Strontium Substituted β-Tricalcium Phosphate Ceramics: Physiochemical Properties and Cytocompatibility

Sr2+-substituted beta-tricalcium phosphate (beta-TCP) powders were synthesized using the mechano-chemical activation method with subsequent pressing and sintering to obtain ceramics. The concentration of Sr2+ in the samples was 0 (non-substituted TCP, as a reference), 3.33 (0.1SrTCP), and 16.67 (0.5SrTCP) mol.% with the expected Ca-3(PO4)(2), Ca2.9Sr0.1(PO4)(2), and Ca2.5Sr0.5(PO4)(2) formulas, respectively. The chemical compositions were confirmed by the energy-dispersive X-ray spectrometry (EDX) and the inductively coupled plasma optical emission spectroscopy (ICP-OES) methods. The study of the phase composition of the synthesized powders and ceramics by the powder X-ray diffraction (PXRD) method revealed that beta-TCP is the main phase in all compounds except 0.1SrTCP, in which the apatite (Ap)-type phase was predominant. TCP and 0.5SrTCP ceramics were soaked in the standard saline solution for 21 days, and the phase analysis revealed the partial dissolution of the initial beta-TCP phase with the formation of the Ap-type phase and changes in the microstructure of the ceramics.

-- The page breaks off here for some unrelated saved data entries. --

(* For every $n\ge4$, $\mathbf{M}_n$ is firm and minimally non-superfirm, and $\mathbf{M}_n^{\{(n,n)\}}$ is a minimally non-firm generalised binary matrix.
   Context: A generalised binary matrix has entries in $\{0,1,?\}$; for such $\mathbf{Y}$, $\mathrm{supp}(\mathbf{Y})=\{(i,j):y_{i,j}=1\}$. A submatrix is obtained by deleting rows and columns; it is proper if it omits at least one row or column. A rectangle of $\mathbf{Y}$ is a set $I\times J$ of positions containing no $0$ entry. An isolated set is a subset of $\mathrm{supp}(\mathbf{Y})$ no two distinct elements of which lie in a common rectangle; $i(\mathbf{Y})$ is its maximum size; $br(\mathbf{Y})$ is the minimum number of rectangles whose union contains $\mathrm{supp}(\mathbf{Y})$ ($?$ entries need not be covered). $\mathbf{Y}$ is firm if $i(\mathbf{Y}')=br(\mathbf{Y}')$ for every submatrix $\mathbf{Y}'$ including $\mathbf{Y}$; minimally non-firm if $i(\mathbf{Y})<br(\mathbf{Y})$ and $i(\mathbf{Y}')=br(\mathbf{Y}')$ for all proper submatrices $\mathbf{Y}'$. For a binary $\mathbf{X}$ and $P\subseteq\mathrm{supp}(\mathbf{X})$, $\mathbf{X}^P$ is obtained by replacing the entries in $P$ by $?$. The rectangle cover graph $\mathcal{G}(\mathbf{X})$ has vertex set $\mathrm{supp}(\mathbf{X})$, two vertices adjacent iff a rectangle contains both; $\mathbf{X}$ is superfirm if $\mathcal{G}(\mathbf{X})$ is perfect, and minimally non-superfirm if it is not superfirm but all proper submatrices are superfirm. For $t\ge3$, $\mathbf{C}_t\in\{0,1\}^{t\times t}$ has $1$s exactly at $(i,i),(i,i+1)$ for $i\in[t-1]$ and at $(t,1),(t,t)$. For $n\ge4$, $\mathbf{M}_n\in\{0,1\}^{n\times n}$ has top-left $(n-1)\times(n-1)$ block $\mathbf{C}_{n-1}$, entries $(n-1,n)$, $(n,n-1)$, $(n,n)$ equal to $1$, and all other entries in row $n$ and column $n$ equal to $0$ (i.e. $\mathbf{M}_n$ is obtained from $\mathbf{C}_{n-1}$ by stretching its $1$ at $(n-1,n-1)$). *)

theory Defs
  imports Main
begin

text \<open>A generalised binary matrix is given by a finite row index set R, a finite column
index set C (subsets of nat, 1-based) and an entry function. Submatrices are obtained by
restricting to subsets R' of R and C' of C (deleting rows/columns).\<close>

datatype entry = Zero | One | Qm

type_synonym gmat = "nat \<Rightarrow> nat \<Rightarrow> entry"

definition supp :: "nat set \<Rightarrow> nat set \<Rightarrow> gmat \<Rightarrow> (nat \<times> nat) set" where
  "supp R C Y = {(i,j). i \<in> R \<and> j \<in> C \<and> Y i j = One}"
(* A PPT three-mode CM $\gamma$ is fully separable if and only if there exists a one-mode CM $\gamma_A$ such that $$\tilde N\ge\gamma_A\quad\text{and}\quad N\ge\gamma_A .$$ Moreover, $\gamma_A$ can be required without loss of generality to be pure, i.e. $\det\gamma_A=1$.
   Context: Conventions: Three modes $A,B,C$, phase-space vectors ordered mode-wise as $(q_A,p_A,q_B,p_B,q_C,p_C)$. $J_1=\begin{pmatrix}0&-1\\1&0\end{pmatrix}$, $J=J_1\oplus J_1\oplus J_1$. A CM of $n$ modes is a real symmetric $2n\times2n$ matrix $\gamma>0$ with $\gamma-iJ\ge0$ (for one mode: $\gamma-iJ_1\ge0$); it is pure if $\det\gamma=1$. $X\ge Y$ means $X-Y$ is positive semidefinite (Hermitian matrices). For $x\in\{A,B,C\}$, $\tilde J_x$ is $J$ with the $2\times2$ diagonal block of mode $x$ replaced by $-J_1$, and $\tilde J_0=J$. A three-mode CM $\gamma$ is called PPT if $\gamma\ge i\tilde J_x$ for all $x\in\{0,A,B,C\}$, and fully separable if there exist one-mode CMs $\gamma_A,\gamma_B,\gamma_C$ with $\gamma\ge\gamma_A\oplus\gamma_B\oplus\gamma_C$. Write $\gamma=\begin{pmatrix}A&C\\C^T&B\end{pmatrix}$ with $A$ the $2\times2$ block of mode $A$, $B$ the $4\times4$ block of modes $B,C$, $C$ the $2\times4$ off-diagonal block; let $J_{BC}=J_1\oplus J_1$, $\tilde J_{BC}=J_1\oplus(-J_1)$, and define the (Hermitian, possibly complex) $2\times2$ matrices $$N=A-C(B-iJ_{BC})^{-1}C^T,\qquad \tilde N=A-C(B-i\tilde J_{BC})^{-1}C^T,$$ where the inverses are Moore–Penrose pseudoinverses (inversion on the range); these are well defined because $\ker(B-iJ_{BC}),\ker(B-i\tilde J_{BC})\subseteq\ker C$ for PPT $\gamma$. *)

theory Defs
  imports "Jordan_Normal_Form.Schur_Decomposition"
begin

definition cmat :: "real mat \<Rightarrow> complex mat" where
  "cmat M = map_mat complex_of_real M"

definition psd :: "complex mat \<Rightarrow> bool" where
  "psd M \<longleftrightarrow> M \<in> carrier_mat (dim_row M) (dim_row M) \<and> mat_adjoint M = M \<and>
     (\<forall>v \<in> carrier_vec (dim_row M). 0 \<le> Re ((M *\<^sub>v v) \<bullet>c v))"

definition loewner_ge :: "complex mat \<Rightarrow> complex mat \<Rightarrow> bool" where
  "loewner_ge X Y \<longleftrightarrow> dim_row X = dim_row Y \<and> dim_col X = dim_col Y \<and> psd (X - Y)"

definition real_pd :: "real mat \<Rightarrow> bool" where
  "real_pd M \<longleftrightarrow> M \<in> carrier_mat (dim_row M) (dim_row M) \<and>
     (\<forall>x \<in> carrier_vec (dim_row M). x \<noteq> 0\<^sub>v (dim_row M) \<longrightarrow> 0 < x \<bullet> (M *\<^sub>v x))"

text \<open>Mode-wise block-diagonal symplectic-type matrix on n modes: the 2x2 diagonal
  block of mode k is J1 = [[0,-1],[1,0]] if k is not in S and -J1 if k is in S.
  So Jmodes n {} = J1 \<oplus> ... \<oplus> J1, and flipping mode k gives the partially
  transposed form.\<close>
definition Jmodes :: "nat \<Rightarrow> nat set \<Rightarrow> complex mat" where
  "Jmodes n S = mat (2*n) (2*n) (\<lambda>(i,j).
     (if i div 2 = j div 2 then
        (if i mod 2 = 0 \<and> j mod 2 = 1 then -1
         else if i mod 2 = 1 \<and> j mod 2 = 0 then 1 else 0)
      else 0) * (if i div 2 \<in> S then -1 else 1))"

The Sr2+ ion release from the ceramic was measured by the ICP-OES. The human osteosarcoma MG-63 cell line was used for viability, adhesion, spreading, and cytocompatibility studies. The results show that the introduction of Sr2+ ions into the beta-TCP improved cell adhesion, proliferation, and cytocompatibility of the prepared samples. The obtained results provide a base for the application of the Sr2+-substituted ceramics in model experiments in vivo.

Automated summary

In this study, Sr2+-substituted beta-tricalcium phosphate ceramics were synthesized and their physicochemical properties and biocompatibility were investigated. The results showed that the introduction of Sr2+ ions significantly improved cell adhesion, proliferation, and cytocompatibility of the samples.